START Supplied data
lemma closedin_full_shift_top_windows: "closedin full_shift_top {x. \<forall>i n. window x i n \<in> L}"
proof -
  have "openin full_shift_top (- {x. \<forall>i n. window x i n \<in> L})"
    unfolding full_shift_top_def openin_product_topology_alt
  proof (intro ballI)
    fix x assume "x \<in> - {x. \<forall>i n. window x i n \<in> L}"
    then obtain i n where bad: "window x i n \<notin> L" by blast
    define U where "U j = (if i \<le> j \<and> j < i + int n then {x j} else UNIV)" for j
    have "finite {j. U j \<noteq> UNIV}"
      by (rule finite_subset[of _ "{i..<i + int n}"]) (auto simp: U_def)
    moreover have "x \<in> Pi\<^sub>E UNIV U" by (simp add: PiE_UNIV_domain U_def)
    moreover have "Pi\<^sub>E UNIV U \<subseteq> - {x. \<forall>i n. window x i n \<in> L}"
    proof
      fix z assume "z \<in> Pi\<^sub>E UNIV U"
      then have "z j \<in> U j" for j by (simp add: PiE_UNIV_domain Pi_iff)
      then have "z j = x j" if "i \<le> j" "j < i + int n" for j
        using that by (metis U_def singletonD)
      then have "window z i n = window x i n" by (rule window_cong)
      then have "window z i n \<notin> L" using bad by simp
      then show "z \<in> - {x. \<forall>i n. window x i n \<in> L}" by blast
    qed
    ultimately show "\<exists>U. finite {j \<in> UNIV. U j \<noteq> topspace (discrete_topology UNIV)} \<and>
        (\<forall>j\<in>UNIV. openin (discrete_topology UNIV) (U j)) \<and> x \<in> Pi\<^sub>E UNIV U \<and>
        Pi\<^sub>E UNIV U \<subseteq> - {x. \<forall>i n. window x i n \<in> L}"
      by (intro exI[of _ U]) simp
  qed
  then show ?thesis by (simp add: closedin_def Compl_eq_Diff_UNIV)
qed
theorem lemmaA3:
  fixes \<kappa> :: real and N k i j :: nat
  assumes "\<kappa> > 0" and "N \<ge> 2" and "even N"
    and "k \<ge> 1" and "1 \<le> i" and "i \<le> j" and "j \<le> N div 2"
  defines "a \<equiv> aseq \<kappa> N"
    and "P \<equiv> matpow (N - 1) (XN \<kappa> N) k"
  shows "P (N div 2) (N div 2) \<ge>
           a (N div 2)^2 * (\<Sum>l=1..N-1. a (min l (N - l))^2)^(k - 1) / a N ^ k
     \<and> P (N div 2) i = P (N div 2) (N - i)
     \<and> P (N div 2) i \<le> P (N div 2) j
     \<and> P (N div 2) i \<ge> a i / a (N div 2) * P (N div 2) (N div 2)"
proof (intro conjI)
  let ?m = "N div 2"
  obtain k' where k: "k = Suc k'"
    using assms(4) by (cases k) auto
  show "a ?m^2 * (\<Sum>l=1..N-1. a (min l (N - l))^2)^(k - 1) / a N ^ k \<le> P ?m ?m"
    unfolding a_def P_def k using matpow_XN_middle_diag_ge assms by simp
  show "P ?m i = P ?m (N - i)"
    unfolding P_def using matpow_XN_middle_row_reflect assms by simp
  show "P ?m i \<le> P ?m j"
    unfolding P_def using matpow_XN_middle_row_mono assms by blast
  have "a i * P ?m ?m \<le> a ?m * P ?m i"
    unfolding a_def P_def k using matpow_XN_middle_row_ge_ratio assms by simp
  moreover have "0 < a ?m"
    unfolding a_def using aseq_pos assms by simp
  ultimately show "a i / a ?m * P ?m ?m \<le> P ?m i"
    by (simp add: divide_simps mult.commute)
qed

end
lemma off_path_edge_in_B:
  assumes "e \<in> E" "e \<subseteq> S" "e \<notin> path_edges ps"
  obtains u v where "e = {u, v}" "u \<in> B" "v \<in> B"
proof -
  obtain u v where e: "e = {u, v}" "u \<noteq> v"
    using assms(1) simple unfolding simple_graph_def by blast
  \<comment> \<open>the only vertex of S outside B that has an edge off the path is p 0\<close>
  have outside_B: "w = p 0" if "w \<in> e" "w \<notin> B" for w
  proof -
    have e': "e = {w, if w = u then v else u}"
      using e that(1) by auto
    have "w \<in> set ps"
      using that assms(2) unfolding S_def by blast
    then obtain i where i: "i \<le> k" "w = p i"
      by (rule in_set_psE)
    have "i < k"
      using i that(2) pk_in_B le_neq_implies_less by blast
    then have "i = 0"
      using inner_edge_in_path_edges[of i "if w = u then v else u"] assms(1,3) e' i by auto
    with i show ?thesis
      by simp
  qed
  have iff: "u \<in> B \<longleftrightarrow> v \<in> B"
    using B_closed[of u v] B_closed[of v u] assms(1,3) e(1) by (auto simp: insert_commute)
  have "u \<in> B"
  proof (rule ccontr)
    assume "u \<notin> B"
    then have "u = p 0" "v = p 0"
      using iff outside_B e(1) by auto
    with e(2) show False
      by simp
  qed
  with iff e(1) that show ?thesis
    by simp
qed

lemma N_in_B: "u \<in> N \<Longrightarrow> u \<in> B"
  and N_notin_set_ps: "u \<in> N \<Longrightarrow> u \<notin> set ps"
  and edge_pk_N: "u \<in> N \<Longrightarrow> {p k, u} \<in> E"
proof -
  assume "u \<in> N"
  then have edge: "{p k, u} \<in> E" "u \<noteq> p (k - 1)"
    unfolding N_def nbrs_def by (auto simp: insert_commute)
  then have "{p k, u} \<notin> path_edges ps"
    using path_edges_at[of k u] by auto
  then show uB: "u \<in> B"
    using B_closed pk_in_B edge by blast
  show "u \<notin> set ps"
    using B_inter_set_ps[OF uB] edgeD[OF edge(1)] by auto
  show "{p k, u} \<in> E"
    using edge by simp
qed

lemma E'_eq: "E' = (E - {{p k, u} | u. u \<in> N}) \<union> {{p 0, u} | u. u \<in> N}"
  unfolding E'_def moved_edges_def N_def ..

lemma finite_S: "finite S"
  using B_subset_V simple unfolding S_def simple_graph_def by (auto intro: finite_subset)

lemma finite_Union_induced_S: "finite (\<Union>(induced F S))"
  using finite_Union_induced[OF finite_S] .

lemma path_edges_subset_G: "path_edges ps \<subseteq> G"
  using path_edges_subset_E path_edges_subset_set unfolding induced_def S_def by blast

lemma path_edges_subset_G': "path_edges ps \<subseteq> G'"
proof
  fix e assume e: "e \<in> path_edges ps"
  have "e \<notin> {{p k, u} | u. u \<in> N}"
    using path_edges_subset_set[OF e] N_notin_set_ps by blast
  then show "e \<in> G'"
    using e path_edges_subset_G unfolding E'_eq induced_def by blast
qed

lemma G_nbr_p0:
  assumes "{p 0, v} \<in> G"
  shows "v = p 1"
proof (cases "{p 0, v} \<in> path_edges ps")
  case True
  then show ?thesis
    using path_edges_at[of 0 v] by simp
next
  case False
  with assms obtain u w where "{p 0, v} = {u, w}" "u \<in> B" "w \<in> B"
    unfolding induced_def by (auto elim: off_path_edge_in_B)
  with p0_notin_B show ?thesis
    by (auto simp: doubleton_eq_iff)
qed

lemma path_edges_snoc_ps: "path_edges (ps @ [b]) = insert {p k, b} (path_edges ps)"
proof -
  have "ps \<noteq> []"
    using length_ps by auto
  moreover have "last ps = p k"
    using last_conv_nth[OF \<open>ps \<noteq> []\<close>] length_ps by simp
  ultimately show ?thesis
    by (simp add: path_edges_snoc)
qed

lemma list_flip_p: "i \<le> k \<Longrightarrow> list_flip ps (p i) = p (k - i)"
  using list_flip_nth[OF distinct_ps, of i] length_ps by simp

lemma list_flip_maps_G_to_G':
  assumes "e \<in> G"
  shows "list_flip ps ` e \<in> G'"
proof (cases "e \<in> path_edges ps")
  case True
  then show ?thesis
    using list_flip_path_edges[OF distinct_ps] path_edges_subset_G' by blast
next
  case off_path: False
  have eE: "e \<in> E" "e \<subseteq> S"
    using assms unfolding induced_def by auto
  obtain u v where e: "e = {u, v}" "u \<in> B" "v \<in> B"
    by (rule off_path_edge_in_B[OF eE off_path])
  show ?thesis
  proof (cases "p k \<in> e")
    case True
    then obtain w where w: "e = {p k, w}" "w \<in> B"
      using e by auto
    have "w \<noteq> p (k - 1)"
      using w(2) p_notin_B[of "k - 1"] k_pos by auto
    then have "w \<in> N"
      using eE(1) w(1) unfolding N_def nbrs_def by (simp add: insert_commute)
    moreover have "list_flip ps ` e = {p 0, w}"
      using w(1) list_flip_p[of k] list_flip_notin[OF N_notin_set_ps[OF \<open>w \<in> N\<close>]] by simp
    moreover have "{p 0, w} \<subseteq> S"
      using p_in_set[of 0] w(2) unfolding S_def by simp
    ultimately show ?thesis
      unfolding E'_eq induced_def by blast
  next
    case False
    then have "u \<notin> set ps" "v \<notin> set ps"
      using e B_inter_set_ps by auto
    then have "list_flip ps ` e = e"
      using e(1) list_flip_notin[of u ps] list_flip_notin[of v ps] by simp
    moreover have "e \<notin> {{p k, u} | u. u \<in> N}"
      using False by blast
    ultimately show ?thesis
      using eE unfolding E'_eq induced_def by simp
  qed
qed

lemma G_edge_at_left_in_path_edges:
  assumes "i < k" "{p i, v} \<in> G"
  shows "{p i, v} \<in> path_edges ps"
proof (cases "i = 0")
  case True
  then show ?thesis
    using assms G_nbr_p0 path_edge[of 0] k_pos by auto
next
  case False
  then show ?thesis
    using assms inner_edge_in_path_edges[of i v] unfolding induced_def by auto
qed

lemma distinct_snoc_N: "b \<in> N \<Longrightarrow> distinct (ps @ [b])"
  using distinct_ps N_notin_set_ps by simp

lemma path_edges_snoc_N_subset_G:
  assumes "b \<in> N"
  shows "path_edges (ps @ [b]) \<subseteq> G"
proof -
  have "{p k, b} \<in> G"
    using edge_pk_N[OF assms] N_in_B[OF assms] p_in_set[of k] unfolding induced_def S_def by simp
  then show ?thesis
    using path_edges_subset_G unfolding path_edges_snoc_ps by blast
qed

lemma list_flip_snoc_N_p:
  assumes "b \<in> N" "1 \<le> i" "i \<le> k"
  shows "list_flip (ps @ [b]) (p i) = p (Suc k - i)"
proof -
  have "list_flip (ps @ [b]) ((ps @ [b]) ! i) = (ps @ [b]) ! (Suc k - i)"
    using list_flip_nth[OF distinct_snoc_N[OF assms(1)], of i] assms(3) length_ps by simp
  then show ?thesis
    using assms(2,3) length_ps by (simp add: nth_append)
qed

lemma list_flip_snoc_N_maps_left_edge:
  assumes "b \<in> N" "i < k" "{p i, v} \<in> G"
  shows "(v = p (Suc i) \<or> v = p (i - 1)) \<and> {list_flip (ps @ [b]) (p i), list_flip (ps @ [b]) v} \<in> G"
proof
  have on_path: "{p i, v} \<in> path_edges ps"
    using G_edge_at_left_in_path_edges[OF assms(2,3)] .
  then show "v = p (Suc i) \<or> v = p (i - 1)"
    using path_edges_at[of i v] assms(2) by auto
  have "list_flip (ps @ [b]) ` {p i, v} \<in> path_edges (ps @ [b])"
    using list_flip_path_edges[OF distinct_snoc_N[OF assms(1)]] on_path
    unfolding path_edges_snoc_ps by blast
  then show "{list_flip (ps @ [b]) (p i), list_flip (ps @ [b]) v} \<in> G"
    using path_edges_snoc_N_subset_G[OF assms(1)] by (simp add: subset_iff)
qed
END Supplied data
Instructions to follow. All that is needed is the exact run of lines above from the line containing "using i that(2)" through the line containing "with iff e(1) that show ?thesis", both of them included.

Result for this exercise.
      using i that(2) pk_in_B le_neq_implies_less by blast
    then have "i = 0"
      using inner_edge_in_path_edges[of i "if w = u then v else u"] assms(1,3) e' i by auto
    with i show ?thesis
      by simp
  qed
  have iff: "u \<in> B \<longleftrightarrow> v \<in> B"
    using B_closed[of u v] B_closed[of v u] assms(1,3) e(1) by (auto simp: insert_commute)
  have "u \<in> B"
  proof (rule ccontr)
    assume "u \<notin> B"
    then have "u = p 0" "v = p 0"
      using iff outside_B e(1) by auto
    with e(2) show False
      by simp
  qed
  with iff e(1) that show ?thesis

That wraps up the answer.